Arab Spring uprisings have inspired repression in many countries as well as protests, according to international rights investigators.

People are still being locked up and tortured even in countries where governments have changes, leaders of the International Human Rights Federation said.

Nobel prize winner Aung San Suu Kyi of Myanmar highlighted the cases of Zimbabwe and China in a commentary for the Observatory for the Protection of Human Rights Defenders report.

In China, the government embarked on a “massive” security deployment to prevent “Jasmine gatherings” and censored the word “Jasmine” on the internet, Aung San Suu Kyi said in a foreword written with French rights experts Stephane Hessel.

Forty-six people were arrested and charged with treason in Zimbabwe in February for watching a video of protests in Egypt and Tunisia, they added.

The Arab Spring has led to new restrictions on “media and freedom of expression” in Bangladesh, China, North Korea, Iran, Laos, Malaysia, Nepal, Sri Lanka, Thailand and Vietnam, said the Observatory report.

“Everything is done ... to control civil society and the media: Misappropriation of the legislative framework, increasing control over the funding of civil society organisations, including funds from international sources,” it added.

“In China, the detention of Liu Xiaobo and the censorship of any information about the winner of the 2010 Nobel Peace Prize illustrates the fate in store for defenders in this country,” the report said.

The Observatory called for stronger legal and other protection for human rights defenders, who include the heads of small farmers fighting for land rights, women battling sexual abuse as well as journalists and lawyers.

The report said that in Africa, elections are often the cause of violence and harassment.

Hundreds died and UN peacekeepers intervened after the Ivory Coast Presidential election in October last year. Less publicised, said the report, were restrictions on assembly and freedom of expression in Burundi, Djibouti, Ethiopia, Rwanda and Uganda.

Concern about the spread of the Arab uprisings prompted some leaders to ban demonstrations (Djibouti) while governments in Eritrea and Equatorial Guinea restricted information on the uprisings and carried out preventive arrests in Angola and Zimbabwe, said the report.

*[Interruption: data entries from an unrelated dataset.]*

(* Under the Lyapunov condition, let $\widetilde{\sigma}^{(n)}_{\min}=\min_{1\le k\le n-1}|\widetilde{\lambda}^{(n)}_k|$ and $\widetilde{\sigma}^{(n)}_{\max}=\max_{1\le k\le n-1}|\widetilde{\lambda}^{(n)}_k|$. Then for every $x,y\in\mathbb{R}$, \[ \lim_{n\to\infty}\left|\mathbb{P}\Big(\sigma^{(n)}_{\min}\le x,\ \frac{\sigma^{(n)}_{\max}-\mathfrak{a}_n}{\mathfrak{b}_n}\le y\Big)-\mathbb{P}\Big(\widetilde{\sigma}^{(n)}_{\min}\le x,\ \frac{\widetilde{\sigma}^{(n)}_{\max}-\mathfrak{a}_n}{\mathfrak{b}_n}\le y\Big)\right|=0. \]
   Context: Lyapunov condition: $(\xi_j)_{j\in\mathbb{N}_0}$ is a sequence of i.i.d. non-degenerate real random variables on a probability space $(\Omega,\mathcal{F},\mathbb{P})$ with $\mathbb{E}[\xi_0]=0$, $\mathbb{E}[\xi_0^2]=1$, and there is $\delta>0$ with $\mathbb{E}[|\xi_0|^{2+\delta}]<\infty$. With $\omega_n=\exp(2\pi\mathsf{i}/n)$, $\lambda^{(n)}_k=\sum_{j=0}^{n-1}\xi_j\omega_n^{kj}$, $\sigma^{(n)}_{\min}=\min_{0\le k\le n-1}|\lambda^{(n)}_k|$, $\sigma^{(n)}_{\max}=\max_{0\le k\le n-1}|\lambda^{(n)}_k|$. With $s=2+\delta$, $\widetilde{\xi}^{(n)}_j=\xi_j\mathbf{1}\{|\xi_j|\le n^{1/s}\}-\mathbb{E}[\xi_j\mathbf{1}\{|\xi_j|\le n^{1/s}\}]$ and $\widetilde{\lambda}^{(n)}_k=\sum_{j=0}^{n-1}\widetilde{\xi}^{(n)}_j\omega_n^{kj}$ for $1\le k\le n-1$. $\mathfrak{a}_n=\sqrt{n\ln(n/2)}$, $\mathfrak{b}_n=\frac12\sqrt{n/\ln(n/2)}$ for $n\ge3$. *)

theory Defs
  imports "HOL-Probability.Probability"
begin

definition omega :: "nat \<Rightarrow> complex" where
  "omega n = exp (2 * of_real pi * \<i> / of_nat n)"

definition lam :: "(nat \<Rightarrow> 'a \<Rightarrow> real) \<Rightarrow> nat \<Rightarrow> nat \<Rightarrow> 'a \<Rightarrow> complex" where
  "lam X n k \<omega> = (\<Sum>j<n. complex_of_real (X j \<omega>) * omega n ^ (k * j))"

definition sig_min :: "(nat \<Rightarrow> 'a \<Rightarrow> real) \<Rightarrow> nat \<Rightarrow> 'a \<Rightarrow> real" where
  "sig_min X n \<omega> = Min ((\<lambda>k. cmod (lam X n k \<omega>)) ` {0..<n})"

definition sig_max :: "(nat \<Rightarrow> 'a \<Rightarrow> real) \<Rightarrow> nat \<Rightarrow> 'a \<Rightarrow> real" where
  "sig_max X n \<omega> = Max ((\<lambda>k. cmod (lam X n k \<omega>)) ` {0..<n})"

definition trunc_var :: "'a measure \<Rightarrow> (nat \<Rightarrow> 'a \<Rightarrow> real) \<Rightarrow> real \<Rightarrow> nat \<Rightarrow> nat \<Rightarrow> 'a \<Rightarrow> real" where
  "trunc_var M X s n j \<omega> =
     (if \<bar>X j \<omega>\<bar> \<le> real n powr (1 / s) then X j \<omega> else 0)
     - (LINT t|M. (if \<bar>X j t\<bar> \<le> real n powr (1 / s) then X j t else 0))"
theorem projective_imp_stable:
  assumes "projective T {s. stable T s} A"
  shows "Iff A (Neg (Neg A)) \<in> T"
proof -
  obtain s where s: "stable T s" "subst s A \<in> T"
    and proj: "\<And>p. {A, s p} \<turnstile> Var p \<and> {A, Var p} \<turnstile> s p"
    using assms unfolding projective_def by blast
  let ?\<Gamma> = "{Neg (Neg A)}"
  have "?\<Gamma> \<turnstile> Iff (s p) (Var p)" for p
  proof (rule der_IffI)
    show "insert (s p) ?\<Gamma> \<turnstile> Var p"
      by (rule der_NegNeg_stableE[OF Var_stable der_hyp der_mono[OF conjunct1[OF proj]]]) auto
    show "insert (Var p) ?\<Gamma> \<turnstile> s p"
      using s(1)[unfolded stable_def, rule_format]
      by (rule der_NegNeg_stableE[OF _ der_hyp der_mono[OF conjunct2[OF proj]]]) auto
  qed
  then have "?\<Gamma> \<turnstile> Iff (subst s A) A"
    using der_Iff_subst[of ?\<Gamma> s Var A] by simp
  then have "?\<Gamma> \<turnstile> A"
    using s(2) by (blast intro: der_IffD1 der_theory)
  then show ?thesis by (rule stable_formI)
qed

end

lemma intermediate_logic_ipc_theory: "intermediate_logic L \<Longrightarrow> ipc_theory L"
  by unfold_locales (simp_all add: intermediate_logic_def intermediate_theory_def)

lemma Lneg_subst_stable_closed:
  assumes L: "intermediate_logic L" and "A \<in> Lneg L" and "stable (Lneg L) s"
  shows "subst s A \<in> Lneg L"
proof -
  interpret ipc_theory L using L by (rule intermediate_logic_ipc_theory)
  let ?t = "\<lambda>p. negvars (s p)"
  have "subst (\<lambda>p. Neg (?t p)) (negvars A) \<in> L"
    using L \<open>A \<in> Lneg L\<close> by (simp add: intermediate_logic_def Lneg_def)
  then have "derives L {} (subst (\<lambda>p. Neg (Neg (?t p))) A)"
    by (simp add: negvars_def subst_subst der_theory)
  moreover have "derives L {} (Iff (?t p) (Neg (Neg (?t p))))" for p
    using \<open>stable (Lneg L) s\<close> by (simp add: stable_def Lneg_def negvars_def der_theory)
  ultimately have "derives L {} (subst ?t A)"
    using der_Iff_subst[of "{}" ?t "\<lambda>p. Neg (Neg (?t p))" A] by (blast intro: der_IffD2)
  then show ?thesis by (simp add: Lneg_def negvars_subst der_empty_iff)
qed
lemma ideal_gen_add:
  assumes S: "is_subring S" and a: "a \<in> ideal_gen S Y" and b: "b \<in> ideal_gen S Y"
  shows "a + b \<in> ideal_gen S Y"
proof -
  obtain Y1 s1 where 1: "finite Y1" "Y1 \<subseteq> Y" "\<forall>x\<in>Y1. s1 x \<in> S" "a = (\<Sum>x\<in>Y1. s1 x * x)"
    using a by (rule ideal_genE)
  obtain Y2 s2 where 2: "finite Y2" "Y2 \<subseteq> Y" "\<forall>x\<in>Y2. s2 x \<in> S" "b = (\<Sum>x\<in>Y2. s2 x * x)"
    using b by (rule ideal_genE)
  define t1 where "t1 x = (if x \<in> Y1 then s1 x else 0)" for x
  define t2 where "t2 x = (if x \<in> Y2 then s2 x else 0)" for x
  have f: "finite (Y1 \<union> Y2)" using 1 2 by auto
  have e1: "(\<Sum>x\<in>Y1 \<union> Y2. t1 x * x) = a"
    unfolding 1(4) by (rule sum.mono_neutral_cong_right[OF f]) (auto simp: t1_def)
  have e2: "(\<Sum>x\<in>Y1 \<union> Y2. t2 x * x) = b"
    unfolding 2(4) by (rule sum.mono_neutral_cong_right[OF f]) (auto simp: t2_def)
  have "a + b = (\<Sum>x\<in>Y1 \<union> Y2. (t1 x + t2 x) * x)"
    unfolding e1[symmetric] e2[symmetric] distrib_right by (rule sum.distrib[symmetric])
  moreover have "\<forall>x\<in>Y1 \<union> Y2. t1 x + t2 x \<in> S"
    using 1(3) 2(3) is_subringD[OF S] by (auto simp: t1_def t2_def)
  ultimately show ?thesis using ideal_genI[OF f, of Y "\<lambda>x. t1 x + t2 x" S] 1(2) 2(2) by simp
qed
(* Let $n\ge 1$, $k\ge 1$, and let $\gamma=((i_1\,j_1),\dots,(i_k\,j_k))\in\Sigma_n(k)$. Fix $l\in\{1,\dots,k\}$. Then: 1. $i_l<x$ for every $x\in C_{\gamma_{l-1}}(j_l)$; moreover, $i_l$ is the largest element $y$ of $C_{\gamma_{l-1}}(i_l)$ such that $y$ is smaller than every element of $C_{\gamma_{l-1}}(j_l)$. 2. $j_l=\max C_{\gamma_{l-1}}(j_l)$. 3. $i_l<x$ for every $x\in C_{\gamma_{l-1}}(i_l+1)$. 4. If $i_l+1\notin\{i_1,\dots,i_{l-1}\}$, then $C_{\gamma_{l-1}}(i_l+1)=\{i_l+1\}$. 5. If $k=n-1$, $i_l=\max\{i_1,\dots,i_{n-1}\}$ and $l=\max\{s\in\{1,\dots,k\}: i_s=i_l\}$, then $j_l=i_l+1$.
   Context: Let $n\ge1$. $\mathfrak S_n$ is the symmetric group on $\{1,\dots,n\}$; products of permutations are composed from right to left, i.e. $(\sigma\pi)(x)=\sigma(\pi(x))$. $\mathsf T_n$ denotes the set of transpositions of $\mathfrak S_n$; a transposition is always written $(i\,j)$ with $i<j$. For $\sigma\in\mathfrak S_n$, $\ell(\sigma)$ is the number of cycles of $\sigma$ (fixed points counted as cycles) and $|\sigma|=n-\ell(\sigma)$. For $\sigma_1,\sigma_2\in\mathfrak S_n$, write $\sigma_1\preccurlyeq\sigma_2$ iff $|\sigma_2|=|\sigma_1|+|\sigma_1^{-1}\sigma_2|$. For $k\ge0$, $\Sigma_n(k)=\{(\tau_1,\dots,\tau_k)\in(\mathsf T_n)^k : |\tau_1\cdots\tau_k|=k,\ \tau_1\cdots\tau_k\preccurlyeq(1\,2\,\dots\,n)\}$. For $\gamma=(\tau_1,\dots,\tau_k)\in\Sigma_n(k)$ and $0\le l\le k$, $\gamma_l=\tau_1\cdots\tau_l$ (so $\gamma_0$ is the identity). For $\pi\in\mathfrak S_n$ and $x\in\{1,\dots,n\}$, $C_\pi(x)$ denotes the cycle of $\pi$ containing $x$, regarded as a subset of $\{1,\dots,n\}$. *)

theory Defs
  imports "HOL-Combinatorics.Combinatorics"
begin

(* Permutations of {1..n} are functions nat => nat that permute {1..n};
   composition is right-to-left: (s o p) x = s (p x). *)

definition cyc :: "(nat \<Rightarrow> nat) \<Rightarrow> nat \<Rightarrow> nat set" where
  "cyc p x = {(p ^^ m) x | m. True}"

definition ncycles :: "nat \<Rightarrow> (nat \<Rightarrow> nat) \<Rightarrow> nat" where
  "ncycles n p = card {cyc p x | x. x \<in> {1..n}}"

definition plen :: "nat \<Rightarrow> (nat \<Rightarrow> nat) \<Rightarrow> nat" where
  "plen n p = n - ncycles n p"

definition pleq :: "nat \<Rightarrow> (nat \<Rightarrow> nat) \<Rightarrow> (nat \<Rightarrow> nat) \<Rightarrow> bool" where
  "pleq n s1 s2 \<longleftrightarrow> plen n s2 = plen n s1 + plen n (inv s1 \<circ> s2)"

definition longcyc :: "nat \<Rightarrow> nat \<Rightarrow> nat" where
  "longcyc n x = (if 1 \<le> x \<and> x < n then x + 1 else if x = n then 1 else x)"

(* A sequence of transpositions (i_1 j_1), ..., (i_k j_k) with i < j is
   represented by the list of pairs [(i_1,j_1), ..., (i_k,j_k)]. *)
definition valid_transp :: "nat \<Rightarrow> nat \<times> nat \<Rightarrow> bool" where
  "valid_transp n t \<longleftrightarrow> 1 \<le> fst t \<and> fst t < snd t \<and> snd t \<le> n"

definition tprod :: "(nat \<times> nat) list \<Rightarrow> nat \<Rightarrow> nat" where
  "tprod ts = foldr (\<lambda>t acc. transpose (fst t) (snd t) \<circ> acc) ts id"

definition gpref :: "(nat \<times> nat) list \<Rightarrow> nat \<Rightarrow> nat \<Rightarrow> nat" where
  "gpref g l = tprod (take l g)"

definition Sigma_n :: "nat \<Rightarrow> nat \<Rightarrow> (nat \<times> nat) list set" where
  "Sigma_n n k = {g. length g = k \<and> (\<forall>t \<in> set g. valid_transp n t)
                   \<and> plen n (tprod g) = k \<and> pleq n (tprod g) (longcyc n)}"

end

theory Submission
  imports Defs
begin
lemma slope_poly_W_neg:
  fixes m z x :: real
  assumes "0 < m" "m < z" "z \<le> x" "x < 1"
  shows "(2 - m)*z*(1 - 2*z) + (3*z - 2)*x < 0"
proof (rule affine_neg_on_segment[OF assms(3,4)])
  have "- z + (2*z - 1)*m < 0"
  proof (rule affine_neg_on_segment[of 0 m z])
    show "- z + (2*z - 1)*z \<le> 0"
      using assms by (simp add: algebra_simps power2_eq_square mult_le_cancel_left1)
  qed (use assms in auto)
  then have "z * (- z + (2*z - 1)*m) < 0"
    using assms by (simp add: mult_pos_neg)
  then show "(2 - m)*z*(1 - 2*z) + (3*z - 2)*z < 0"
    by (simp add: algebra_simps power2_eq_square)
  have "3*z - 2 + 2*z*(1 - 2*z) + (- z*(1 - 2*z))*m < 0"
  proof (rule affine_neg_on_segment[of 0 m z])
    have "3*z - 2 + 2*z*(1 - 2*z) = - 4*(z - 5/8)^2 - 7/16"
      by (simp add: algebra_simps power2_eq_square)
    then show "3*z - 2 + 2*z*(1 - 2*z) + (- z*(1 - 2*z))*0 < 0"
      using zero_le_power2[of "z - 5/8"] by linarith
    have "3*z - 2 + 2*z*(1 - 2*z) + (- z*(1 - 2*z))*z = (z - 1)*(2*(z - 3/4)^2 + 7/8)"
      by (simp add: algebra_simps power2_eq_square power3_eq_cube)
    also have "\<dots> \<le> 0"
      using assms by (intro mult_nonpos_nonneg) auto
    finally show "3*z - 2 + 2*z*(1 - 2*z) + (- z*(1 - 2*z))*z \<le> 0" .
  qed (use assms in auto)
  then show "(2 - m)*z*(1 - 2*z) + (3*z - 2)*1 \<le> 0"
    by (simp add: algebra_simps)
qed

FIDH president Souhayr Belhassen, a Tunisian who took part in her country’s first post-uprising election on Sunday, said she remained worried about her nation and others, such as Syria and Bahrain, where protests are still going on.

“In Egypt, unfortunately, the revolution against a military head of state brought in soldiers as a replacement,” she told a press conference at the UN headquarters. Civilians, activists, journalists have all been brought before military courts.

“In Tunisia, I said I was happy about the elections, but the torture goes on. We have announced an investigation into the topic.” She said there had been arbitrary arrests and judicial decisions.

A group of Islamist Salafists who attacked a television station in Tunis on October 9 were held for one week and then released without charge for no reason, Ms Belhassen said.

“We talk about the Arab Spring, but it was just a very difficult exit out of winter,” she said.